Casa Blanca carga contra la Fundación Nobel y reclama el Nobel de Paz para Trump

La Casa Blanca arremetió contra la Fundación Nobel y el Comité Nobel noruego, a quienes acusó de “hacer política” tras reiterar que el Premio Nobel de la Paz no puede ser transferido, ni siquiera de forma simbólica. El choque se produjo luego de que la opositora venezolana María Corina Machado, laureada en 2025, entregara su medalla al presidente de Estados Unidos, Donald Trump, durante una visita a la Casa Blanca.

El director de comunicaciones del Gobierno estadounidense, Steven Cheung, aseguró que Trump “merece con toda justicia” el Nobel de la Paz por su papel en la resolución y desescalada de conflictos internacionales. “Desde el Premio Nobel han emitido múltiples declaraciones sobre el presidente Trump, quien merece con toda justicia el Premio Nobel de la Paz por llevar la paz a al menos ocho guerras. En lugar de intentar hacer política, deberían resaltar los logros sin precedentes del presidente”, escribió Cheung en su cuenta de X.

El pronunciamiento oficial elevó el tono de una controversia que se activó tras el gesto de Machado, quien afirmó haber entregado a Trump la medalla del Nobel de la Paz recibida el año anterior. La dirigente opositora venezolana se reunió con el mandatario estadounidense en Washington en un encuentro privado, del que también participó el secretario de Estado, Marco Rubio, y al que no tuvieron acceso los medios de comunicación.

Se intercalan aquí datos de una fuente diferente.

lemma kam_step_wtau: "kam_step C C' \<Longrightarrow> wtau (trC C) (trC C')"
proof (induction rule: kam_step.induct)
  case (k_push t s \<pi>)
  show ?case
    unfolding wtau_def using Tau_trC_LApp_iff[THEN iffD2, OF sc_refl] by (rule r_into_rtranclp)
next
  case (k_grab u s \<pi>)
  have "ptrans (trC (LLam u, s # \<pi>)) Tau (trGrab u (s # \<pi>))"
    using Tau_trC_LLam_iff sc_refl by blast
  moreover note Tau_trGrab_Cons
  ultimately show ?case
    unfolding wtau_def by (meson converse_rtranclp_into_rtranclp r_into_rtranclp)
qed

lemma kam_steps_wtau: "kam_steps C C' \<Longrightarrow> wtau (trC C) (trC C')"
  by (induction rule: rtranclp_induct)
    (auto simp: wtau_def dest: kam_step_wtau intro: rtranclp_trans)

definition kam_reachable_rep :: "config \<Rightarrow> proc \<Rightarrow> bool" where
  "kam_reachable_rep C P \<longleftrightarrow> (\<exists>C'. kam_steps C C' \<and>
     (P \<equiv>\<^sub>s trC C' \<or> (\<exists>u \<pi>. C' = (LLam u, \<pi>) \<and> P \<equiv>\<^sub>s trGrab u \<pi>)))"

lemma kam_reachable_rep_Tau:
  assumes rep: "kam_reachable_rep C P" and tau: "ptrans P Tau P'"
  shows "kam_reachable_rep C P'"
proof -
  obtain C' where steps: "kam_steps C C'"
    and "P \<equiv>\<^sub>s trC C' \<or> (\<exists>u \<pi>. C' = (LLam u, \<pi>) \<and> P \<equiv>\<^sub>s trGrab u \<pi>)"
    using rep unfolding kam_reachable_rep_def by blast
  then consider (trC) "ptrans (trC C') Tau P'"
    | (grab) u \<pi> where "C' = (LLam u, \<pi>)" "ptrans (trGrab u \<pi>) Tau P'"
    using ptrans_scong[OF sc_sym tau sc_refl] by blast
  then show ?thesis
  proof cases
    case trC
    from Tau_trC_cases[OF trC] show ?thesis
    proof (elim disjE exE conjE)
      fix C'' assume "kam_step C' C''" "P' \<equiv>\<^sub>s trC C''"
      moreover from steps \<open>kam_step C' C''\<close> have "kam_steps C C''"
        by (rule rtranclp.rtrancl_into_rtrancl)
      ultimately show ?thesis
        unfolding kam_reachable_rep_def by blast
    next
      fix u \<pi> assume "C' = (LLam u, \<pi>)" "P' \<equiv>\<^sub>s trGrab u \<pi>"
      with steps show ?thesis
        unfolding kam_reachable_rep_def by blast
    qed
  next
    case grab
    then obtain s \<pi>' where "\<pi> = s # \<pi>'" "P' \<equiv>\<^sub>s trC (substT 0 s u, \<pi>')"
      by (auto simp: Tau_trGrab_iff)
    moreover have "kam_step C' (substT 0 s u, \<pi>')"
      unfolding grab(1) \<open>\<pi> = s # \<pi>'\<close> by (rule kam_step.k_grab)
    with steps have "kam_steps C (substT 0 s u, \<pi>')"
      by (rule rtranclp.rtrancl_into_rtrancl)
    ultimately show ?thesis
      unfolding kam_reachable_rep_def by blast
  qed
qed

Ante la repercusión del acto, la Fundación Nobel y el Comité Nobel noruego difundieron comunicados para subrayar una regla básica del galardón: el premio es personal e intransferible. “Una vez que se anuncia un Premio Nobel, no puede ser revocado, compartido ni transferido a otros. La decisión es definitiva y se mantiene para siempre”, recordó la institución. La aclaración fue categórica: “Una medalla puede cambiar de dueño, pero el título de laureado con el Premio Nobel de la Paz no”.

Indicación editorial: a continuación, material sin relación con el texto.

lemma cadd_apply:
  fixes g h :: "'k::topological_space \<Rightarrow> ereal"
  assumes ed: "\<forall>U::'k set. open U \<longrightarrow> open (closure U)" and g: "g \<in> Cinf" and h: "h \<in> Cinf"
    and fin: "\<bar>g w\<bar> \<noteq> \<infinity>" "\<bar>h w\<bar> \<noteq> \<infinity>"
  shows "cadd g h w = g w + h w"
proof -
  define D where "D = {w. \<bar>g w\<bar> \<noteq> \<infinity> \<and> \<bar>h w\<bar> \<noteq> \<infinity>}"
  have dense: "closure D = UNIV" unfolding D_def using closure_Cinf_finite2[OF g h] .
  have "continuous_on D (\<lambda>w. g w + h w)"
    unfolding continuous_on_def
  proof
    fix x assume "x \<in> D"
    have "continuous_on D g" "continuous_on D h"
      using g h by (auto intro: continuous_on_subset Cinf_continuous)
    then have "(g \<longlongrightarrow> g x) (at x within D)" "(h \<longlongrightarrow> h x) (at x within D)"
      using \<open>x \<in> D\<close> unfolding continuous_on_def by auto
    then show "((\<lambda>w. g w + h w) \<longlongrightarrow> g x + h x) (at x within D)"
      using \<open>x \<in> D\<close> unfolding D_def by (intro tendsto_add_ereal) auto
  qed
  then obtain F where F: "continuous_on UNIV F" "\<And>w. w \<in> D \<Longrightarrow> F w = g w + h w"
    using extremally_disconnected_continuous_extension[OF ed dense] by blast
  have "nowhere_dense ({w. \<bar>g w\<bar> = \<infinity>} \<union> {w. \<bar>h w\<bar> = \<infinity>})"
    using g h by (intro nowhere_dense_Un) (simp_all add: Cinf_def)
  moreover have "w \<in> {w. \<bar>g w\<bar> = \<infinity>} \<union> {w. \<bar>h w\<bar> = \<infinity>}" if "\<bar>F w\<bar> = \<infinity>" for w
    using that F(2)[of w] unfolding D_def by (cases "g w"; cases "h w") auto
  ultimately have "F \<in> Cinf" by (rule Cinf_intro[OF F(1)])
  then have "cadd g h = F"
    unfolding cadd_def using the_Cinf_eqI[OF dense _ F(2)] by (simp add: D_def)
  then show ?thesis using fin F(2) unfolding D_def by simp
qed

lemma cadd_ereal:
  assumes "continuous_on UNIV p" "continuous_on UNIV q"
  shows "cadd (\<lambda>w. ereal (p w)) (\<lambda>w. ereal (q w)) = (\<lambda>w. ereal (p w + q w))"
proof -
  have "continuous_on UNIV (\<lambda>w. p w + q w)" using assms by (intro continuous_intros)
  then show ?thesis
    unfolding cadd_def using the_Cinf_eqI[of UNIV "\<lambda>w. ereal (p w + q w)"] by (simp add: Cinf_of_real)
qed

lemma csmul_continuous: "continuous_on UNIV g \<Longrightarrow> continuous_on UNIV (csmul c g)"
  unfolding csmul_def continuous_on_def by (auto intro!: tendsto_cmult_ereal)

lemma
  fixes X :: "'k::topological_space \<Rightarrow> ereal"
  assumes ed: "\<forall>U::'k set. open U \<longrightarrow> open (closure U)" and X: "X \<in> Cinf"
    and f: "continuous_on UNIV f" and bound: "\<And>t. \<bar>f t\<bar> \<le> M"
  shows fcomp_continuous: "continuous_on UNIV (fcomp f X)"
    and fcomp_apply: "X w = ereal x \<Longrightarrow> fcomp f X w = ereal (f x)"
    and fcomp_bound: "\<bar>fcomp f X w\<bar> \<le> ereal M"
proof -
  define D where "D = {w. \<bar>X w\<bar> \<noteq> \<infinity>}"
  have dense: "closure D = UNIV" unfolding D_def by (rule closure_Cinf_finite[OF X])
  have X_D: "continuous_on D X" using Cinf_continuous[OF X] by (rule continuous_on_subset) simp
  have "X ` D \<subseteq> UNIV - {\<infinity>, -\<infinity>}" unfolding D_def by auto
  then have "continuous_on D (real_of_ereal \<circ> X)"
    by (rule continuous_on_compose[OF X_D continuous_on_subset[OF continuous_on_real]])
  then have "continuous_on D (f \<circ> (real_of_ereal \<circ> X))"
    by (rule continuous_on_compose[OF _ continuous_on_subset[OF f]]) simp
  then have "continuous_on D (\<lambda>w. ereal (f (real_of_ereal (X w))))"
    using continuous_on_ereal by (auto simp: o_def)
  then obtain F where F: "continuous_on UNIV F" "\<And>w. w \<in> D \<Longrightarrow> F w = ereal (f (real_of_ereal (X w)))"
    using extremally_disconnected_continuous_extension[OF ed dense] by blast
  have F_bound: "\<bar>F w\<bar> \<le> ereal M" for w
    by (rule continuous_on_le_on_dense[OF _ continuous_on_const dense])
      (use F bound in \<open>auto intro: continuous_intros\<close>)
  have "F \<in> Cinf"
  proof (rule Cinf_intro[OF F(1), of "{}"])
    show "\<bar>F w\<bar> = \<infinity> \<Longrightarrow> w \<in> {}" for w using F_bound[of w] by simp
  qed (simp add: nowhere_dense_def)
  then have F_eq: "fcomp f X = F"
    unfolding fcomp_def using the_Cinf_eqI[OF dense _ F(2)] by (simp add: D_def)
  show "continuous_on UNIV (fcomp f X)" using F(1) F_eq by simp
  show "X w = ereal x \<Longrightarrow> fcomp f X w = ereal (f x)" using F(2)[of w] F_eq by (simp add: D_def)
  show "\<bar>fcomp f X w\<bar> \<le> ereal M" using F_bound F_eq by simp
qed

section \<open>Band projections and the spectral system\<close>

lemma band_gen_subset: "band_in V B \<Longrightarrow> Y \<in> B \<Longrightarrow> band_gen V Y \<subseteq> B"
  unfolding band_gen_def by (rule Inter_lower) simp

lemma is_lub_in_unique: "is_lub_in V S u \<Longrightarrow> is_lub_in V S u' \<Longrightarrow> u = u'"
  unfolding is_lub_in_def by (meson antisym)

lemma is_glb_in_unique: "is_glb_in V S u \<Longrightarrow> is_glb_in V S u' \<Longrightarrow> u = u'"
  unfolding is_glb_in_def by (meson antisym)

definition closed_support :: "('a::topological_space \<Rightarrow> ereal) \<Rightarrow> 'a set" where
  "closed_support g = closure {w. g w \<noteq> 0}"

lemma zero_outside_closed_support: "w \<notin> closed_support g \<Longrightarrow> g w = 0"
  using closure_subset[of "{w. g w \<noteq> 0}"] unfolding closed_support_def by blast

definition unit_truncation :: "('a \<Rightarrow> ereal) \<Rightarrow> nat \<Rightarrow> 'a \<Rightarrow> ereal" where
  "unit_truncation Y n = cinf (csmul (real n) Y) cone"

lemma unit_truncation_apply: "unit_truncation Y n w = min (ereal (real n) * Y w) 1"
  unfolding unit_truncation_def cinf_def csmul_def cone_def by simp

fun endpoints :: "ivl \<Rightarrow> real set" where
  "endpoints (OC a b) = {a, b}"
| "endpoints (Ray a) = {a}"
| "endpoints (Low b) = {b}"

lemma finite_endpoints: "finite (endpoints J)"
  by (cases J) auto

lemma finite_threshold:
  fixes P :: "real set"
  assumes "finite P" and down: "\<And>a b. a \<le> b \<Longrightarrow> Q b \<Longrightarrow> Q a"
  obtains s where "\<And>a. a \<in> P \<Longrightarrow> Q a \<longleftrightarrow> a < s"
proof
  define s where "s = Min (insert (Max (insert 0 P) + 1) {a\<in>P. \<not> Q a})"
  have fin: "finite (insert (Max (insert 0 P) + 1) {a\<in>P. \<not> Q a})" using assms(1) by simp
  fix a assume a: "a \<in> P"
  show "Q a \<longleftrightarrow> a < s"
  proof
    assume "Q a"
    moreover have "a \<le> Max (insert 0 P)" using assms(1) a by simp
    then have "a < Max (insert 0 P) + 1" by simp
    ultimately show "a < s" unfolding s_def using fin down by (auto simp: not_le[symmetric] Min_le_iff)
  next
    assume "a < s"
    then show "Q a" unfolding s_def using fin a by (auto simp: Min_less_iff)
  qed
qed

locale stone_model =
  fixes V :: "('k::t2_space \<Rightarrow> ereal) set" and X :: "'k \<Rightarrow> ereal"
  assumes K_compact: "compact (UNIV :: 'k set)"
    and ed: "\<forall>U::'k set. open U \<longrightarrow> open (closure U)"
    and V_ideal: "ideal_in Cinf V"
    and E_in: "cone \<in> V" and X_in: "X \<in> V"
begin

lemma V_Cinf: "g \<in> V \<Longrightarrow> g \<in> Cinf"
  using V_ideal unfolding ideal_in_def by blast

lemma V_continuous: "g \<in> V \<Longrightarrow> continuous_on UNIV g"
  using V_Cinf Cinf_continuous by blast

lemma V_czero: "czero \<in> V"
  using V_ideal unfolding ideal_in_def by blast

lemma V_cadd: "g \<in> V \<Longrightarrow> h \<in> V \<Longrightarrow> cadd g h \<in> V"
  using V_ideal unfolding ideal_in_def by blast

lemma V_csmul: "g \<in> V \<Longrightarrow> csmul c g \<in> V"
  using V_ideal unfolding ideal_in_def by blast

lemma V_solid: "g \<in> Cinf \<Longrightarrow> h \<in> V \<Longrightarrow> (\<And>w. \<bar>g w\<bar> \<le> \<bar>h w\<bar>) \<Longrightarrow> g \<in> V"
  using V_ideal unfolding ideal_in_def cabs_def le_fun_def by blast

lemma V_abs:
  assumes g: "g \<in> V" shows "(\<lambda>w. \<bar>g w\<bar>) \<in> V"
proof (rule V_solid[OF _ g])
  show "(\<lambda>w. \<bar>g w\<bar>) \<in> Cinf"
    by (rule Cinf_intro[where S="{w. \<bar>g w\<bar> = \<infinity>}"])
      (use V_Cinf[OF g] V_continuous[OF g] in \<open>auto simp: Cinf_def intro: continuous_intros\<close>)
qed simp

lemma V_bounded:
  assumes "g \<in> Cinf" "\<And>w. \<bar>g w\<bar> \<le> ereal M" shows "g \<in> V"
proof (rule V_solid[OF assms(1) V_csmul[OF E_in, of M]])
  fix w
  have "\<bar>g w\<bar> \<le> ereal \<bar>M\<bar>" using assms(2)[of w] by (rule order_trans) simp
  then show "\<bar>g w\<bar> \<le> \<bar>csmul M cone w\<bar>" by (simp add: csmul_def cone_def)
qed

lemma V_indicator:
  assumes "open S" "closed S" shows "(\<lambda>w. ereal (indicator S w)) \<in> V"
  using continuous_on_indicator_clopen[OF assms]
  by (intro V_bounded[of _ 1] Cinf_of_real) (auto simp: indicator_def)

text \<open>V has no least element: a least u would satisfy u \<le> -1 and u \<le> 2 u at a point where it
  is finite.\<close>

lemma is_lub_in_nonempty:
  assumes "is_lub_in V S u" shows "S \<noteq> {}"
proof
  assume "S = {}"
  then have u: "u \<in> V" "\<And>v. v \<in> V \<Longrightarrow> u \<le> v" using assms unfolding is_lub_in_def by auto
  obtain w where w: "\<bar>u w\<bar> \<noteq> \<infinity>"
    using closure_Cinf_finite[OF V_Cinf[OF u(1)]] by fastforce
  have "u w \<le> csmul (-1) cone w" "u w \<le> csmul 2 u w"
    using u(2)[OF V_csmul[OF E_in]] u(2)[OF V_csmul[OF u(1)]] by (auto simp: le_fun_def)
  then show False using w by (cases "u w") (auto simp: csmul_def cone_def)
qed

definition supported_in :: "'k set \<Rightarrow> ('k \<Rightarrow> ereal) set" where
  "supported_in S = {g \<in> V. \<forall>w. w \<notin> S \<longrightarrow> g w = 0}"

lemma ideal_supported_in: "ideal_in V (supported_in S)"
  unfolding ideal_in_def
proof (intro conjI ballI allI impI)
  show "supported_in S \<subseteq> V" "czero \<in> supported_in S"
    unfolding supported_in_def using V_czero by (auto simp: czero_def)
next
  fix g h assume "g \<in> supported_in S" "h \<in> supported_in S"
  then show "cadd g h \<in> supported_in S"
    unfolding supported_in_def using cadd_apply[OF ed V_Cinf V_Cinf] by (auto intro: V_cadd)
next
  fix c g assume "g \<in> supported_in S"
  then show "csmul c g \<in> supported_in S"
    unfolding supported_in_def using V_csmul[of g c] by (auto simp: csmul_def)
next
  fix g h assume g: "g \<in> V" and h: "h \<in> supported_in S" and le: "cabs g \<le> cabs h"
  have "g w = 0" if "w \<notin> S" for w
  proof -
    have "\<bar>g w\<bar> \<le> \<bar>h w\<bar>" using le by (simp add: cabs_def le_fun_def)
    moreover have "h w = 0" using h that by (simp add: supported_in_def)
    ultimately show ?thesis by (cases "g w") auto
  qed
  then show "g \<in> supported_in S" using g unfolding supported_in_def by simp
qed

lemma band_supported_in:
  assumes S: "open S" "closed S" shows "band_in V (supported_in S)"
  unfolding band_in_def
proof (intro conjI allI impI ideal_supported_in)
  fix A u assume A: "A \<subseteq> supported_in S" and lub: "is_lub_in V A u"
  obtain a where a: "a \<in> A" using is_lub_in_nonempty[OF lub] by blast
  have u: "u \<in> V" "\<And>s. s \<in> A \<Longrightarrow> s \<le> u" "\<And>v. v \<in> V \<Longrightarrow> (\<forall>s\<in>A. s \<le> v) \<Longrightarrow> u \<le> v"
    using lub unfolding is_lub_in_def by auto
  define u' where "u' w = (if w \<in> S then u w else 0)" for w
  \<comment> \<open>cutting u down to S keeps an upper bound of A, so u \<le> u' by leastness\<close>
  have "continuous_on (S \<union> - S) u'" unfolding u'_def
    using S continuous_on_subset[OF V_continuous[OF u(1)]] by (intro continuous_on_If) auto
  then have "u' \<in> Cinf"
    by (intro Cinf_intro[where S="{w. \<bar>u w\<bar> = \<infinity>}"]) (use V_Cinf[OF u(1)] in \<open>auto simp: Cinf_def u'_def split: if_splits\<close>)
  then have "u' \<in> V" by (rule V_solid[OF _ u(1)]) (simp add: u'_def)
  moreover have "s \<le> u'" if "s \<in> A" for s
    using that A u(2) unfolding supported_in_def le_fun_def u'_def by auto
  ultimately have "u \<le> u'" using u(3) by blast
  show "u \<in> supported_in S"
    unfolding supported_in_def
  proof (intro CollectI conjI allI impI u(1))
    fix w assume "w \<notin> S"
    have "u w \<le> u' w" "a w \<le> u w" using \<open>u \<le> u'\<close> u(2)[OF a] by (auto simp: le_fun_def)
    moreover have "u' w = 0" "a w = 0" using \<open>w \<notin> S\<close> a A by (auto simp: u'_def supported_in_def)
    ultimately have "u w \<le> 0" "0 \<le> u w" by auto
    then show "u w = 0" by simp
  qed
qed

El Comité Nobel precisó que existen precedentes históricos en los que las medallas han pasado a manos de terceros —por ejemplo, a través de subastas—, sin que ello altere la condición del ganador original del premio.

Donald Trump, quien nunca ha ocultado su interés en obtener el Nobel de la Paz, celebró públicamente el gesto de Machado. “Fue un gran honor para mí conocer hoy a María Corina Machado, de Venezuela. María me entregó su Premio Nobel de la Paz por el trabajo que he realizado. Un gesto maravilloso de respeto mutuo. ¡Gracias, María!”, escribió el presidente en su red Truth Social.

La polémica reaviva el debate sobre el alcance simbólico del Nobel de la Paz y el uso político de sus gestos, al tiempo que profundiza el pulso retórico entre la Casa Blanca y la institución que otorga uno de los reconocimientos más prestigiosos del mundo.